Hi!I'm working on some for me technically challenging works, where the most difficult passages are at the upper limit of what I can properly play. When practising at home in a relaxed state I can handle all the passages, octaves, jumps and whatnot, but as soon as I get nervous, stressed or tense it all collapses.
Even more seriously, ignore those who advise adding more tension.
See what I mean? They even tension up the discussion!
Yes, warns people off adding tension.
If you are supported at the hand end, the whole arm is able to release tension without falling off the piano. It can "hang" between two points when released-
It can only hang if it's fixed at both ends, which it quite obviously isn't. The physics is bogus! (as posters have constantly pointed out to you)
You're simply plucking facts from thin air.
Hmm..., that's where you got the originals isn't it?

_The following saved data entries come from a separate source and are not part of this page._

(* Let $\Theta=\{\theta_0,\ldots,\theta_n\}\subset\mathbb{R}$ and let $F$ and $G$ be experiments with signal spaces $\mathcal{X}=[\underline{x},\overline{x}]$ and $\mathcal{Y}=[\underline{y},\overline{y}]$ and conditional densities $f(\cdot\mid\theta)$, $g(\cdot\mid\theta)$. Then $F\succeq_{\textup{LB}}G$ if and only if, for every $\boldsymbol{b}=(b_0,\ldots,b_n)\in\mathbb{R}^{n+1}$, \[ \int_{\mathcal{X}}\Big(\sum_{i=0}^{n} b_i f(x\mid\theta_i)\Big)_{+}\,dx\;\geq\;\int_{\mathcal{Y}}\Big(\sum_{i=0}^{n} b_i g(y\mid\theta_i)\Big)_{+}\,dy, \] where $(s)_+=\max(s,0)$.
   Context: States: $\Theta=\{\theta_0,\ldots,\theta_n\}\subset\mathbb{R}$. An experiment $F$ specifies, for each $\theta\in\Theta$, an absolutely continuous distribution $F(\cdot\mid\theta)$ with density $f(\cdot\mid\theta)$ of a signal $X$ taking values in a compact interval $\mathcal{X}=[\underline{x},\overline{x}]$; similarly $G$ has densities $g(\cdot\mid\theta)$ on $\mathcal{Y}=[\underline{y},\overline{y}]$ for a signal $Y$. Let $\widehat{\Delta}_n=\{\boldsymbol{q}\in[0,1]^n:\sum_{i=1}^n q_i\le 1\}$; a prior $\boldsymbol{q}=(q_1,\ldots,q_n)\in\widehat{\Delta}_n$ assigns probability $q_i$ to $\theta_i$ ($i\ge1$) and $q_0=1-\sum_{i=1}^n q_i$ to $\theta_0$. Given $\boldsymbol{q}$, $f_{\boldsymbol{q}}=\sum_{i=0}^n q_i f(\cdot\mid\theta_i)$ is the unconditional density of $X$ (distribution $F_{\boldsymbol{q}}$), and the posterior vector is $\boldsymbol{p}_F(x;\boldsymbol{q})=(p_{F,1}(x;\boldsymbol{q}),\ldots,p_{F,n}(x;\boldsymbol{q}))$ with $p_{F,i}(x;\boldsymbol{q})=q_i f(x\mid\theta_i)/f_{\boldsymbol{q}}(x)$; $\boldsymbol{p}_F(\boldsymbol{q})$ denotes the random vector $\boldsymbol{p}_F(X;\boldsymbol{q})$ with $X\sim F_{\boldsymbol{q}}$ (analogously for $G$). For random vectors $\boldsymbol{\mu},\boldsymbol{\nu}$ in $\mathbb{R}^n$ with equal means: $\boldsymbol{\mu}\succeq_{\textup{cx}}\boldsymbol{\nu}$ (convex order) if $\mathbb{E}[C(\boldsymbol{\mu})]\ge\mathbb{E}[C(\boldsymbol{\nu})]$ for all convex $C:\mathbb{R}^n\to\mathbb{R}$; $\boldsymbol{\mu}\succeq_{\textup{lcx}}\boldsymbol{\nu}$ (linear convex order) if $\boldsymbol{b}\cdot\boldsymbol{\mu}\succeq_{\textup{cx}}\boldsymbol{b}\cdot\boldsymbol{\nu}$ for all $\boldsymbol{b}\in\mathbb{R}^n$. The linear-Blackwell order: $F\succeq_{\textup{LB}}G$ if $\boldsymbol{p}_F(\boldsymbol{q})\succeq_{\textup{lcx}}\boldsymbol{p}_G(\boldsymbol{q})$ for every $\boldsymbol{q}\in\widehat{\Delta}_n$. *)

theory Defs
  imports "HOL-Analysis.Analysis"
begin
lemma Mat_le_iff: "M \<in> dcar (Mat n D) \<Longrightarrow> N \<in> dcar (Mat n D) \<Longrightarrow>
    dleq (Mat n D) M N \<longleftrightarrow> (\<forall>i<n. \<forall>j<n. le (M i j) (N i j))"
proof
  assume "dleq (Mat n D) M N"
  then have "dadd (Mat n D) M N i j = N i j" for i j unfolding dleq_def by simp
  then show "\<forall>i<n. \<forall>j<n. le (M i j) (N i j)" unfolding dleq_def by (metis Mat_add_entry)
next
  assume "M \<in> dcar (Mat n D)" "N \<in> dcar (Mat n D)" and le: "\<forall>i<n. \<forall>j<n. le (M i j) (N i j)"
  then show "dleq (Mat n D) M N"
    unfolding dleq_def using le
    by (intro Mat_eqI[where n = n and K = D] Mat_add_closed) (simp_all add: dleq_def Mat_add_entry)
qed

lemma is_sup_MatI:
  assumes "A \<subseteq> dcar (Mat n D)" "S \<in> dcar (Mat n D)"
    and "\<And>i j. i < n \<Longrightarrow> j < n \<Longrightarrow> is_sup D ((\<lambda>M. M i j) ` A) (S i j)"
  shows "is_sup (Mat n D) A S"
  unfolding is_sup_def
proof (intro conjI ballI impI)
  show "dleq (Mat n D) M S" if "M \<in> A" for M
    using that assms by (subst Mat_le_iff) (auto intro: is_sup_upper)
  show "dleq (Mat n D) S U" if U: "U \<in> dcar (Mat n D)" "\<forall>M\<in>A. dleq (Mat n D) M U" for U
  proof -
    have "le (S i j) (U i j)" if ij: "i < n" "j < n" for i j
      using assms(3)[OF ij] Mat_entry_closed[OF U(1) ij]
    proof (rule is_sup_least)
      fix x assume "x \<in> (\<lambda>M. M i j) ` A"
      then obtain M where "M \<in> A" "x = M i j" by blast
      then show "le x (U i j)" using U assms(1) ij Mat_le_iff[of M n U] by auto
    qed
    then show ?thesis using U assms(2) by (subst Mat_le_iff) auto
  qed
qed (use assms in auto)

end

lemma R_morphism_closed: "R_morphism D E f \<Longrightarrow> a \<in> dcar D \<Longrightarrow> f a \<in> dcar E"
  and R_morphism_zero: "R_morphism D E f \<Longrightarrow> f (dzero D) = dzero E"
  and R_morphism_unit: "R_morphism D E f \<Longrightarrow> f (dunit D) = dunit E"
  and R_morphism_add: "R_morphism D E f \<Longrightarrow> a \<in> dcar D \<Longrightarrow> b \<in> dcar D \<Longrightarrow>
    f (dadd D a b) = dadd E (f a) (f b)"
  and R_morphism_mul: "R_morphism D E f \<Longrightarrow> a \<in> dcar D \<Longrightarrow> b \<in> dcar D \<Longrightarrow>
    f (dmul D a b) = dmul E (f a) (f b)"
  and R_morphism_dsup: "R_morphism D E f \<Longrightarrow> A \<in> regsets D \<Longrightarrow> f (dsup D A) = dsup E (f ` A)"
  unfolding R_morphism_def by blast+

context dioid
begin

lemma R_morphism_dsum: "R_morphism D E f \<Longrightarrow> (\<And>k. k < m \<Longrightarrow> F k \<in> dcar D) \<Longrightarrow>
    f (dsum D F m) = dsum E (\<lambda>k. f (F k)) m"
  by (induction m) (simp_all add: R_morphism_zero R_morphism_add)

lemma R_morphism_mono: "R_morphism D E f \<Longrightarrow> a \<in> dcar D \<Longrightarrow> b \<in> dcar D \<Longrightarrow> le a b \<Longrightarrow>
    dleq E (f a) (f b)"
  unfolding dleq_def by (metis R_morphism_add)

lemma setmul_image:
  assumes "R_morphism D E f" "A \<subseteq> dcar D" "B \<subseteq> dcar D"
  shows "f ` setmul D A B = setmul E (f ` A) (f ` B)"
proof -
  have "f (dmul D a b) = dmul E (f a) (f b)" if "a \<in> A" "b \<in> B" for a b
    using that assms by (intro R_morphism_mul) auto
  then show ?thesis unfolding setmul_def by (auto simp: image_iff) metis
qed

So you're too lazy to even include a single sentence of substance
I could say the same of you. In fact there's even less substance in your daft claims. Wake up and do some real research before abusing the real masters.
If you don't have anything specific to say in response to my points, please stop cluttering this thread with unsubstantiated attacks. It contributes nothing to the topic.
You can't seem to comprehend that it's your claims that are unsubstatiated. You're advising people to add tension with no evidence whatsoever. Posters who've been foolish enough to attempt your 'experiments' have disagreed with your results, results which you then reject. What the hell's the point?
Better spin than spam.
Where is Tina Turner when you need her. "Two men enter, one man leaves".
In order for the arm to be held up on the keys, there must exist some form of flexion in the arm and forearm muscles, however non-existent it may seem. That's just basic biomechanics. He's not advocating ADDING any tension to the already necessary minimum, but rather re-distributing it more efficiently.
Keyboardclass, I believe you might be misinterpreting what he's saying. I think all nyiregyhazi is trying to say is that there is a necessary minimal amount of tension in order to hold the arm in the "proper" playing position both while at rest, and while playing notes. Some people place this tension in the wrong place, rather than distributing it to the right biomechanical area. In order for the arm to be held up on the keys, there must exist some form of flexion in the arm and forearm muscles, however non-existent it may seem.
No, he's saying you should tense the fingers to support much of the weight of the arm on the keybed - on a continuous basis. It goes contrary to all the major pedagogies of the last 100 years and is quite detrimental to the playing mechanism.
No, I am not. I am saying you should use grip to stabilise SOME of the weight of the arm
A grip is tension. To be done and finished with in the millisecond of key depression. You don't prepare/hold it - that's just nonsensical.
And it requires vastly more arm tensions to stop your hand falling from the piano when the finger does not create stability.